Pareto front given by NSGA-II/Kriging

Figure 42 shows a comparison between the initial preform shape and the optimal one; a better result was achieved by using the proposed concept.

Fig. 42

Initial and optimal preform shapes

The CPU times for this two-stage forging simulation are also compared: the PIA uses only 285 s, but the ABAQUS/Explicit uses 1,453 s (5.1 times). Therefore, in the optimization procedure using 200 API simulations, the gain of the CPU time becomes enormous.

Conclusions

In this chapter, several simplified and practical approaches for damage prediction in metal-forming process modeling and optimization were presented.

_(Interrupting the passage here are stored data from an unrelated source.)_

locale rotating_strip_flow =
  fixes om th1 th2 lam Ups :: real and Psi Z :: "real \<Rightarrow> real"
    and u v p :: "real \<Rightarrow> real \<Rightarrow> real \<Rightarrow> real" and U :: "pt3 set"
  assumes th_bounds: "- (pi/2) < th1" "th1 < th2" "th2 < 0"
    and Psi_cont: "continuous_on {th1..th2} Psi"
    and Psi_diff: "\<forall>th\<in>{th1<..<th2}. Psi differentiable (at th)"
    and Psi_diff2: "\<forall>th\<in>{th1<..<th2}. (\<lambda>s. deriv Psi s * cos s) differentiable (at th)"
    and Psi_ode: "\<forall>th\<in>{th1<..<th2}. deriv (\<lambda>s. deriv Psi s * cos s) th
                    = - lam * Psi th * cos th + Ups * cos th - om * sin (2 * th)"
    and Z_cont: "continuous_on {th1..th2} Z"
    and Z_eq: "\<And>th. th \<in> {th1<..<th2} \<Longrightarrow> deriv Psi th = Z th"
    and U_cover: "{(t, ph, th). 0 \<le> t \<and> th1 \<le> th \<and> th \<le> th2} \<subseteq> U"
    and u_smooth: "smooth3_on U (\<lambda>(t, ph, th). u t ph th)"
    and v_smooth: "smooth3_on U (\<lambda>(t, ph, th). v t ph th)"
    and p_smooth: "smooth3_on U (\<lambda>(t, ph, th). p t ph th)"
    and periodic: "\<forall>t ph th. u t (ph + 2*pi) th = u t ph th \<and> v t (ph + 2*pi) th = v t ph th
                               \<and> p t (ph + 2*pi) th = p t ph th"
    and eq1: "\<forall>t>0. \<forall>ph. \<forall>th\<in>{th1<..<th2}.
        d_t u t ph th + u t ph th * d_phi u t ph th / cos th + v t ph th * d_theta u t ph th
        - u t ph th * v t ph th * tan th - 2 * om * v t ph th * sin th
        = - d_phi p t ph th / cos th"
    and eq2: "\<forall>t>0. \<forall>ph. \<forall>th\<in>{th1<..<th2}.
        d_t v t ph th + u t ph th * d_phi v t ph th / cos th + v t ph th * d_theta v t ph th
        + (u t ph th)\<^sup>2 * tan th + 2 * om * u t ph th * sin th
        = - d_theta p t ph th"
    and eq3: "\<forall>t>0. \<forall>ph. \<forall>th\<in>{th1<..<th2}.
        d_phi u t ph th + deriv (\<lambda>s. v t ph s * cos s) th = 0"
    and bc: "\<forall>t\<ge>0. \<forall>ph. v t ph th1 = 0 \<and> v t ph th2 = 0"
begin

definition "Fu = (\<lambda>(t, ph, th). u t ph th)"
definition "Fv = (\<lambda>(t, ph, th). v t ph th)"
definition "Fp = (\<lambda>(t, ph, th). p t ph th)"

lemma cos_pos: "th \<in> {th1..th2} \<Longrightarrow> cos th > 0"
  using th_bounds by (intro cos_gt_zero_pi) auto

lemma cos_nonzero: "th \<in> {th1..th2} \<Longrightarrow> cos th \<noteq> 0"
  using cos_pos by force

lemma in_U: "0 \<le> t \<Longrightarrow> th \<in> {th1..th2} \<Longrightarrow> (t, ph, th) \<in> U"
  using U_cover by auto

definition smooth_periodic :: "(pt3 \<Rightarrow> real) \<Rightarrow> bool" where
  "smooth_periodic F \<longleftrightarrow> smooth3_on U F \<and> (\<forall>t ph th. F (t, ph + 2*pi, th) = F (t, ph, th))"

lemma smooth_periodic_pdiff3:
  assumes F: "smooth_periodic F" and i: "i \<le> 2"
  shows "smooth_periodic (pdiff3 i F)"
proof -
  have "F ((t, ph + 2*pi, th) + s *\<^sub>R dir3 i) = F ((t, ph, th) + s *\<^sub>R dir3 i)" for t ph th s
  proof -
    obtain a b c where "(t, ph, th) + s *\<^sub>R dir3 i = (a, b, c)" by (metis prod_cases3)
    moreover have "(t, ph + 2*pi, th) + s *\<^sub>R dir3 i = (a, b + 2*pi, c)"
      using calculation by (cases "dir3 i") auto
    ultimately show ?thesis using F by (simp add: smooth_periodic_def)
  qed
  then show ?thesis
    using F i smooth3_on_pdiff3 by (simp add: smooth_periodic_def pdiff3_def)
qed

lemma smooth_periodic_intros:
  "smooth_periodic Fu" "smooth_periodic Fv" "smooth_periodic Fp"
  "smooth_periodic F \<Longrightarrow> smooth_periodic (Dt F)"
  "smooth_periodic F \<Longrightarrow> smooth_periodic (Dph F)"
  "smooth_periodic F \<Longrightarrow> smooth_periodic (Dth F)"
  using u_smooth v_smooth p_smooth periodic smooth_periodic_pdiff3
  by (auto simp: smooth_periodic_def Fu_def Fv_def Fp_def)

lemma smooth_periodic_periodic: "smooth_periodic F \<Longrightarrow> F (t, ph + 2*pi, th) = F (t, ph, th)"
  by (simp add: smooth_periodic_def)

lemma smooth_periodic_pdiff3_commute:
  "smooth_periodic F \<Longrightarrow> 0 \<le> t \<Longrightarrow> th \<in> {th1..th2} \<Longrightarrow> i \<le> 2 \<Longrightarrow> j \<le> 2 \<Longrightarrow>
    pdiff3 i (pdiff3 j F) (t, ph, th) = pdiff3 j (pdiff3 i F) (t, ph, th)"
  by (rule pdiff3_commute) (auto simp: smooth_periodic_def in_U)

context
  fixes F :: "pt3 \<Rightarrow> real" and t ph th :: real
  assumes F: "smooth_periodic F" and t: "0 \<le> t" and th: "th \<in> {th1..th2}"
begin

lemma smooth_periodic_differentiable: "F differentiable (at (t, ph, th))"
  using F in_U[OF t th] smooth3_on_imp_differentiable by (auto simp: smooth_periodic_def)

lemma has_real_derivative_Dt: "((\<lambda>s. F (s, ph, th)) has_real_derivative Dt F (t, ph, th)) (at t)"
  using has_real_derivative_pdiff3[of F "(0, ph, th)" t 0] smooth_periodic_differentiable by simp

lemma has_real_derivative_Dph: "((\<lambda>s. F (t, s, th)) has_real_derivative Dph F (t, ph, th)) (at ph)"
  using has_real_derivative_pdiff3[of F "(t, 0, th)" ph 1] smooth_periodic_differentiable by simp

lemma has_real_derivative_Dth: "((\<lambda>s. F (t, ph, s)) has_real_derivative Dth F (t, ph, th)) (at th)"
  using has_real_derivative_pdiff3[of F "(t, ph, 0)" th 2] smooth_periodic_differentiable by simp

end

lemma curried_partials_eq_pdiff3:
  assumes "smooth_periodic F" "\<And>t ph th. F (t, ph, th) = f t ph th" "0 \<le> t" "th \<in> {th1..th2}"
  shows "d_t f t ph th = Dt F (t, ph, th)" "d_phi f t ph th = Dph F (t, ph, th)"
    "d_theta f t ph th = Dth F (t, ph, th)"
  using has_real_derivative_Dt[OF assms(1,3,4)] has_real_derivative_Dph[OF assms(1,3,4)]
    has_real_derivative_Dth[OF assms(1,3,4)]
  by (auto simp: d_t_def d_phi_def d_theta_def assms(2) intro!: DERIV_imp_deriv)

• The IA exploits the knowledge of the final part shape and executes the calculation from the final part mesh to the initial blank or billet. The assumptions of proportional loading and simplified tool actions make the IA calculation very fast. This method gives fairly good strain estimation for the deep drawing, hydroforming, and cold forging processes, but poor stress evaluation. A simplified total strain-based damage model is implemented into the IA without considering the coupling effect between the plasticity and damage. The IA can be used as a numerical tool for the preliminary design and optimization in forming processes.

• The PIA is a good compromise between the IA and incremental approaches. The contact treatment is avoided by using some simplified tool actions as in the IA. In order to consider the strain path, some intermediate configurations are determined geometrically and corrected by using a surface minimization method or a free surface method, allowing very large strain increments. A 3D strain-based damage model in a rate form is adopted and coupled with the plasticity. An efficient direct scalar algorithm for damage–plasticity integration enables to take into account the loading history so obtain good stress estimation. The PIA combines the advantages of the IA and incremental approaches: it gives better stress estimation then that of the IA and it is much faster than the incremental approach. The PIA is an efficient numerical tool for the damage prediction and forming processes optimization.

• The 3D strain damage model is based on the assumptions of the hardening saturation after the damage threshold and the proportional loading condition. It is implemented into the IA in a total form without considering its coupling with the plasticity. In the PIA, the model coupling the damage and plasticity is formulated and implemented in a rate form. The efficient direct scalar algorithm of plasticity (DSAP) for the integration of coupled damage–plasticity is developed to take into account the loading history. Using the notion of the equivalent stress, the constitutive equations in stress vectors are transformed into a scalar equation in which the equivalent stresses can be obtained by the tensile curve. Thus, the plastic multiplier can be obtained directly without iterations. This DSAP enables to largely reduce the CPU time and to avoid divergence problems even though for very large strain increments.

• Some optimization algorithms are combined with the IA using an integrated material law or with the PIA using the DSAP. These simplified methods make the optimization very efficient and robust, allowing to use the time-consuming optimization algorithms (such as genetic algorithm, simulated annealing method, etc.) in order to find globally optimal Pareto points for multi-objective functions.

Further research investigations will be devoted to continuously improve the original approaches IA and PIA. In the future, the authors will implement an adaptive meshing algorithm in the PIA in order to deal with complex parts undergoing very large plastic strains. In a forthcoming research, the authors will also include viscoplastic and thermomechanical material models in the PIA for the hot forging simulation. The fast PIA will be used to optimize tool preform shapes and other parameters of the forging process.